▶ WORK TO COMPLETE
Lines from the records below that contain the word "define" are to be copied out.

▶ DATA FOR THE TASK
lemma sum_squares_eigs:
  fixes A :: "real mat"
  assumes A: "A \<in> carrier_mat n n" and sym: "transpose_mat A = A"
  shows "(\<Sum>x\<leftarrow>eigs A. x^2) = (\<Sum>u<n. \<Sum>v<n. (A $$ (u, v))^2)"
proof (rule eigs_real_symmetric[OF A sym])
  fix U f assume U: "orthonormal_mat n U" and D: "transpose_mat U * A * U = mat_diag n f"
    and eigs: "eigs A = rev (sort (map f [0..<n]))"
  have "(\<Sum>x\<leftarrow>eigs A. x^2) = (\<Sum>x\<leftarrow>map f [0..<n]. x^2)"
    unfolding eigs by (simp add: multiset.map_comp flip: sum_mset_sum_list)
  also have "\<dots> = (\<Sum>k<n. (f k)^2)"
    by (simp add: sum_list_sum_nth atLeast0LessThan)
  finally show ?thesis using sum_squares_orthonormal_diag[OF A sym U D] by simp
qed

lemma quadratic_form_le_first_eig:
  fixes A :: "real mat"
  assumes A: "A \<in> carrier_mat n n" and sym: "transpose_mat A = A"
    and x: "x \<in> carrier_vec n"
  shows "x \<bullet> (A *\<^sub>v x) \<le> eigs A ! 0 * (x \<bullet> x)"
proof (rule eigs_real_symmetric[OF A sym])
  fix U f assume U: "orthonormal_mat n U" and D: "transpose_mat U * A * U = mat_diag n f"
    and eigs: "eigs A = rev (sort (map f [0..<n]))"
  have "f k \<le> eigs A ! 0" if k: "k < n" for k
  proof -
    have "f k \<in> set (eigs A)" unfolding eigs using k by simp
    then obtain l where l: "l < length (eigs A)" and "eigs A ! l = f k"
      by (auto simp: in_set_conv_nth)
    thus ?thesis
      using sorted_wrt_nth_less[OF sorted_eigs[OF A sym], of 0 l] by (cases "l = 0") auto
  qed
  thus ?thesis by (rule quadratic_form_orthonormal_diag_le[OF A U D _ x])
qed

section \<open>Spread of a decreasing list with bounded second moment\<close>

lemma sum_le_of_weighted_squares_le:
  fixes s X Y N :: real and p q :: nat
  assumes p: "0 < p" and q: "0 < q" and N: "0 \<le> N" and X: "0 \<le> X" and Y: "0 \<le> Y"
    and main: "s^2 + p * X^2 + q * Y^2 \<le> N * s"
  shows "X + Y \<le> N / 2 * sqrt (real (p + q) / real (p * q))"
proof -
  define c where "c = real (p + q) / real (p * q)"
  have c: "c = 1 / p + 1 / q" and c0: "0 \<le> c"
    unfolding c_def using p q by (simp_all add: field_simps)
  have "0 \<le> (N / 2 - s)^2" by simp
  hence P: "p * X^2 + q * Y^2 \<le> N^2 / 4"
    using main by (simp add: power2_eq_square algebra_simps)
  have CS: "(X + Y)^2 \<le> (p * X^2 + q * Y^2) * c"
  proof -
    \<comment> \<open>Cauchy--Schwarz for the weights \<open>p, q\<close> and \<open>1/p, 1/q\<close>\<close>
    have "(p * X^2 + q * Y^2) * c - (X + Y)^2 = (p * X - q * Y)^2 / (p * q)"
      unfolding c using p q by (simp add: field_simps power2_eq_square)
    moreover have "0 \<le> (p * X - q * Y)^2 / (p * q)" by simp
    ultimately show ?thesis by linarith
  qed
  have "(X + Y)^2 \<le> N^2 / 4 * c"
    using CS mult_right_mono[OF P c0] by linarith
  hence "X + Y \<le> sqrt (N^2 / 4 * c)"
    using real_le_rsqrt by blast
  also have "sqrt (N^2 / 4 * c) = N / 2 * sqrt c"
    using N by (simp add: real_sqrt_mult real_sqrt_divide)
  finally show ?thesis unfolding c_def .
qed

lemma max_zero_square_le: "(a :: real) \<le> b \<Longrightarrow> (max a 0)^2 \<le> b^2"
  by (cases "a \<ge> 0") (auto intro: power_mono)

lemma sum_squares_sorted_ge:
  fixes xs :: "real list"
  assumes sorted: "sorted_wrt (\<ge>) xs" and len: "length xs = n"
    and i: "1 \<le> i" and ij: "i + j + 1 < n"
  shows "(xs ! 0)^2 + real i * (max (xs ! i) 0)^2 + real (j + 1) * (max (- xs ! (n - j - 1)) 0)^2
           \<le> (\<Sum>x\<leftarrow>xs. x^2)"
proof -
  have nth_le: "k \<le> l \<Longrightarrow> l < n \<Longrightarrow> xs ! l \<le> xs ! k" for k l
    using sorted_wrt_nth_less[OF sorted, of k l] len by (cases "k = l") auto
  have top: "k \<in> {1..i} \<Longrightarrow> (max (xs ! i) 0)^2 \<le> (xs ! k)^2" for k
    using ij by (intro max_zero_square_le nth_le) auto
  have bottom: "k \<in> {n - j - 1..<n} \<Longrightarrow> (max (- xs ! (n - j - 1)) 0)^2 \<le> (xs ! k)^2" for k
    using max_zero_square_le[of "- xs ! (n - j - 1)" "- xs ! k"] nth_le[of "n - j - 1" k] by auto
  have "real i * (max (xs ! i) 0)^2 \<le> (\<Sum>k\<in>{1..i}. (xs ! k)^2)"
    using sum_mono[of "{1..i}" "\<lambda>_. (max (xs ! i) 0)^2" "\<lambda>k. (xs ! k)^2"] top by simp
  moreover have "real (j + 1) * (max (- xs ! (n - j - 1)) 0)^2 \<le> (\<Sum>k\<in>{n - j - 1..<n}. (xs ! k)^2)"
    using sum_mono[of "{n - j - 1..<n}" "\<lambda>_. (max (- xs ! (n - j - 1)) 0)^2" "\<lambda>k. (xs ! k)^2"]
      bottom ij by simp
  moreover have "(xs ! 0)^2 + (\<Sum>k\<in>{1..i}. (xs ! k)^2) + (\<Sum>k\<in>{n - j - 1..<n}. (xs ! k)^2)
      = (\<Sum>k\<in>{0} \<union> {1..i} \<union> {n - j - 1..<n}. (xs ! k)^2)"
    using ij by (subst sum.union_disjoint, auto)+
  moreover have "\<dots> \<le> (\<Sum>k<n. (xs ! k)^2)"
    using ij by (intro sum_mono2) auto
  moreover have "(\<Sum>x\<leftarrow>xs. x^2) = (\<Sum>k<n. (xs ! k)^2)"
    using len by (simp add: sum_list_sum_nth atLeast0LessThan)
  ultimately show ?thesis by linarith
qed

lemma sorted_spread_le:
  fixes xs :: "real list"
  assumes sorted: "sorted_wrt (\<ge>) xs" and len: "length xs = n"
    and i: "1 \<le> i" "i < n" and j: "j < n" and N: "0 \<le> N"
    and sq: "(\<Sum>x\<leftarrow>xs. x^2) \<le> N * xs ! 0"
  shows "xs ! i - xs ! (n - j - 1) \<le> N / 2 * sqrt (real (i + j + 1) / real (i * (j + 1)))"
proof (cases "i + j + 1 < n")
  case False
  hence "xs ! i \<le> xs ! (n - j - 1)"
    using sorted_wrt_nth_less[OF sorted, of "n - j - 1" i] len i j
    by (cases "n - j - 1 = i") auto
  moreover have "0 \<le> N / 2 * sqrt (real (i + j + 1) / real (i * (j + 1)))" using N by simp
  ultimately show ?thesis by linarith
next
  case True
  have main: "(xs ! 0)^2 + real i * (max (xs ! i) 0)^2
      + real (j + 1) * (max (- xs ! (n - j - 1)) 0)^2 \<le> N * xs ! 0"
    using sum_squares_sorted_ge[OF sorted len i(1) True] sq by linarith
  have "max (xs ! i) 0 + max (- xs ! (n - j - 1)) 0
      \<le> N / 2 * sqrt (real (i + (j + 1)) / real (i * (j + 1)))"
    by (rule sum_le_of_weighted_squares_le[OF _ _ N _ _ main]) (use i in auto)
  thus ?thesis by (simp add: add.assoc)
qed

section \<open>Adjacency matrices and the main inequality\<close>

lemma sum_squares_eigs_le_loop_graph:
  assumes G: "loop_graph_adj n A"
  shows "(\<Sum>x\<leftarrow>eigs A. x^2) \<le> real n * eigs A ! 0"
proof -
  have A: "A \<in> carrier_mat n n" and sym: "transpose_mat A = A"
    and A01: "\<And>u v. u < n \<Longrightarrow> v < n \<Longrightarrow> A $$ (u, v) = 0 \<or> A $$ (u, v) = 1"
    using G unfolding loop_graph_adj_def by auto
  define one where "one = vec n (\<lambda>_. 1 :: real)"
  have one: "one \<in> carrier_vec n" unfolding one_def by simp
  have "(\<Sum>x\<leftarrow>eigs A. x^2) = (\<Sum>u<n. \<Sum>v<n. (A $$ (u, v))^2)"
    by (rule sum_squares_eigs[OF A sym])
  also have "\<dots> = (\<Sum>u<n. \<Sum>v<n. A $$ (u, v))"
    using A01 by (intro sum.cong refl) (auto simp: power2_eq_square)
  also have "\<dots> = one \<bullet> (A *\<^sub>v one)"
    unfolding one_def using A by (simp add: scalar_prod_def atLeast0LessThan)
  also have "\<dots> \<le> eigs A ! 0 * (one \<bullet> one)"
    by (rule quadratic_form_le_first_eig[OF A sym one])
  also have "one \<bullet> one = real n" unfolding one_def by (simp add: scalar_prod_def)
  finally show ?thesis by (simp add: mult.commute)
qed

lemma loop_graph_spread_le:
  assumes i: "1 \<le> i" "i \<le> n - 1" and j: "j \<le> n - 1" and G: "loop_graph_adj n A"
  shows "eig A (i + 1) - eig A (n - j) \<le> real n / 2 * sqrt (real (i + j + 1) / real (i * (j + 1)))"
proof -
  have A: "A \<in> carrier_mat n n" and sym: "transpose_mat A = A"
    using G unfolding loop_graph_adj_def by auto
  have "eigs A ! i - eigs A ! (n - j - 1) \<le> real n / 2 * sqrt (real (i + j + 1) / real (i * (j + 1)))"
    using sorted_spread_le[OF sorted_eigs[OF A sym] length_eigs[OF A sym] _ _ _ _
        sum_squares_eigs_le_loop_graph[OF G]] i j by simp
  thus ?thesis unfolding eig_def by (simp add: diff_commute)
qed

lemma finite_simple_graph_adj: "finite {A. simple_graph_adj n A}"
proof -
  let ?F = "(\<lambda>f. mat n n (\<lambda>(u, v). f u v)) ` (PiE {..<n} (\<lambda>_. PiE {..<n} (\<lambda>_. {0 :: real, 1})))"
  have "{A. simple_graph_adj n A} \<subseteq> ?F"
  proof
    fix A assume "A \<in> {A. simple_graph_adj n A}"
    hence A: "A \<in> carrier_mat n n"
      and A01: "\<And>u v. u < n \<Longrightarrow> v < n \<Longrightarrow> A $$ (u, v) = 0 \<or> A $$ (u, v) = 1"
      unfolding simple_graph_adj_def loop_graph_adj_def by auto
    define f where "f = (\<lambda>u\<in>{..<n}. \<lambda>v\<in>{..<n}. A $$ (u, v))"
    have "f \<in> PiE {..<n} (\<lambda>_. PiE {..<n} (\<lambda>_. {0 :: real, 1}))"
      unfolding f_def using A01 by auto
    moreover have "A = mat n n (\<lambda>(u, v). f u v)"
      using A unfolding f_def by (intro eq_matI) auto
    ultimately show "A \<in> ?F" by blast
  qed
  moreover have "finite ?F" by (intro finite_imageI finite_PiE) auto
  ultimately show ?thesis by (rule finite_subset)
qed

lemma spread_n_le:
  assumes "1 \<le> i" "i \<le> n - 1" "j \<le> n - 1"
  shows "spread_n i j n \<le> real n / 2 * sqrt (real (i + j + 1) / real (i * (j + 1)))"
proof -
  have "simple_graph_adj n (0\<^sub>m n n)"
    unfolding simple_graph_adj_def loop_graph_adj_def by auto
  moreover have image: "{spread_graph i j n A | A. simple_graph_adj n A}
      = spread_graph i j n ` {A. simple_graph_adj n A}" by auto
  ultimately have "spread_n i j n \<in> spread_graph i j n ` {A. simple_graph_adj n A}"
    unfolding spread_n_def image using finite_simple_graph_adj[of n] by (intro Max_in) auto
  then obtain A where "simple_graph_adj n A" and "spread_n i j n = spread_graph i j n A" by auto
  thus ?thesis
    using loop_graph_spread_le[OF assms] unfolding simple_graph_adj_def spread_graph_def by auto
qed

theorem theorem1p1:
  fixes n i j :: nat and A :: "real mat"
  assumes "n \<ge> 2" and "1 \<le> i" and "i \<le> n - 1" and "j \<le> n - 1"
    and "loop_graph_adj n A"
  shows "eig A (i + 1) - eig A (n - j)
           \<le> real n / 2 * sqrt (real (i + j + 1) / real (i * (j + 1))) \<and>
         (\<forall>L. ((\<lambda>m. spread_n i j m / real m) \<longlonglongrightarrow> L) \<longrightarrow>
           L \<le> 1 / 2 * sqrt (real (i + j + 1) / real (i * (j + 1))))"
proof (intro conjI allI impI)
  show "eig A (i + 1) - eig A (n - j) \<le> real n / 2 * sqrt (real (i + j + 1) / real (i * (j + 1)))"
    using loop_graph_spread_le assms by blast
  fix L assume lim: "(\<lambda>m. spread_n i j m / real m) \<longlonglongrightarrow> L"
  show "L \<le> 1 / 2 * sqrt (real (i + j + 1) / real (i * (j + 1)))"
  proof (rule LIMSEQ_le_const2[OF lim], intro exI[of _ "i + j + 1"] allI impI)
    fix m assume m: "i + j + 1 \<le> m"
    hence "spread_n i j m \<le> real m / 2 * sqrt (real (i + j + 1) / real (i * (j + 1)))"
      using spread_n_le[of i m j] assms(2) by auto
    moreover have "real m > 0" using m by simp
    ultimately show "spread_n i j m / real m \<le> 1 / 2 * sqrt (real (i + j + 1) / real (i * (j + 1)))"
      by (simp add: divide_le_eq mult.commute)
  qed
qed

▶ TASK RESPONSE
  define c where "c = real (p + q) / real (p * q)"
  define one where "one = vec n (\<lambda>_. 1 :: real)"
    define f where "f = (\<lambda>u\<in>{..<n}. \<lambda>v\<in>{..<n}. A $$ (u, v))"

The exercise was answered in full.